- Exercise
Beginning with the line where "Context: Fix $I\in[0,1)$." appears, please restate each line of the records below word for word until the last one, inclusive, and nothing else.
=-=-=-=-=
(* Let $I\in[0,1)$ and let $l\ge 1$ be an integer. For integers $m\ge -1$ and $n\in\{0,1,\dots,l\}$, let $Q(l,m,n)$ be the probability that the random walk started at $[m,n]^T$ (defined in the context) hits the line $\mathcal{L}_1=\{[m',n']^T : m'=-1\}$ before hitting the line $\mathcal{L}_2=\{[m',n']^T: n'=l\}$. Then $$Q(l,m,n)=\begin{cases}\sum_{i=0}^{l-n-1} a_{i,m}(1-I)^i I^{m+1+i}, & \text{if } m\ge 0,\ 0\le n<l,\\ 1, & \text{if } m=-1,\ 0\le n<l,\\ 0, & \text{if } m>0,\ n=l,\end{cases}$$ where the coefficients $a_{i,m}$ ($i\ge 0$, $m\ge 0$) are given by $$a_{i,m}=\begin{cases} 1, & i=0,\\ 1+m, & i=1,\\ C_i, & m=0,\\ C_{i+1}, & m=1,\\ C_{i+1}+\sum_{k=1}^{i-2} S_k\big(C_{i+1-k}\big)+S_{i-1}\big(1+j_{i-1}\big), & i>1 \text{ and } m>1.\end{cases}$$ Here $C_i=\frac{1}{i+1}\binom{2i}{i}=\frac{(2i)!}{(i+1)!\,i!}$ is the $i$-th Catalan number, and for $k\ge1$ and a summand $f$ (possibly depending on $j_k$), $S_k(f)$ denotes the nested sum $$S_k(f)=\sum_{j_1=3}^{m+1}\sum_{j_2=3}^{j_1+1}\cdots\sum_{j_k=3}^{j_{k-1}+1} f,$$ i.e. the sum over all integer tuples $(j_1,\dots,j_k)$ with $3\le j_1\le m+1$ and $3\le j_r\le j_{r-1}+1$ for $2\le r\le k$. (So, for instance, $S_1(C_i)=\sum_{j_1=3}^{m+1}C_i$, $S_2(C_{i-1})=\sum_{j_1=3}^{m+1}\sum_{j_2=3}^{j_1+1}C_{i-1}$, the last constant term is $S_{i-2}(C_3)$, and the final term is $S_{i-1}(1+j_{i-1})$.)
   Context: Fix $I\in[0,1)$. Let $\delta_1,\delta_2,\dots$ be i.i.d. random vectors in $\mathbb{Z}^2$ with $\delta_t=[-1,0]^T$ with probability $I$ and $\delta_t=[1,1]^T$ with probability $1-I$. For a starting point $[m,n]^T$ define $s_T=[m,n]^T+\sum_{t=1}^T\delta_t$ for $T\ge 0$ (so $s_0=[m,n]^T$). Let $\mathcal{L}_1=\{[m',n']^T: m'=-1\}$ and, for a positive integer $l$, $\mathcal{L}_2=\{[m',n']^T: n'=l\}$. The probability of hitting $\mathcal{L}_1$ before $\mathcal{L}_2$ is $$Q(l,m,n)=\sum_{T=0}^{\infty}\Pr\big(s_T\in\mathcal{L}_1,\ s_{T'}\notin\mathcal{L}_1\cup\mathcal{L}_2\ \forall\, T'<T\big).$$ (Interpretation: $m$ is the number of blocks by which an attacker's branch lags behind an honest branch, $n$ the number of blocks the honest branch has grown; each new block goes to the attacker with probability $I$, and the attacker wins if its branch surpasses the honest one before the honest branch has grown by $l$ blocks.) *)

theory Defs
  imports Complex_Main
begin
=-=-=-=-=
- Result of this task
   Context: Fix $I\in[0,1)$. Let $\delta_1,\delta_2,\dots$ be i.i.d. random vectors in $\mathbb{Z}^2$ with $\delta_t=[-1,0]^T$ with probability $I$ and $\delta_t=[1,1]^T$ with probability $1-I$. For a starting point $[m,n]^T$ define $s_T=[m,n]^T+\sum_{t=1}^T\delta_t$ for $T\ge 0$ (so $s_0=[m,n]^T$). Let $\mathcal{L}_1=\{[m',n']^T: m'=-1\}$ and, for a positive integer $l$, $\mathcal{L}_2=\{[m',n']^T: n'=l\}$. The probability of hitting $\mathcal{L}_1$ before $\mathcal{L}_2$ is $$Q(l,m,n)=\sum_{T=0}^{\infty}\Pr\big(s_T\in\mathcal{L}_1,\ s_{T'}\notin\mathcal{L}_1\cup\mathcal{L}_2\ \forall\, T'<T\big).$$ (Interpretation: $m$ is the number of blocks by which an attacker's branch lags behind an honest branch, $n$ the number of blocks the honest branch has grown; each new block goes to the attacker with probability $I$, and the attacker wins if its branch surpasses the honest one before the honest branch has grown by $l$ blocks.) *)

theory Defs
  imports Complex_Main
begin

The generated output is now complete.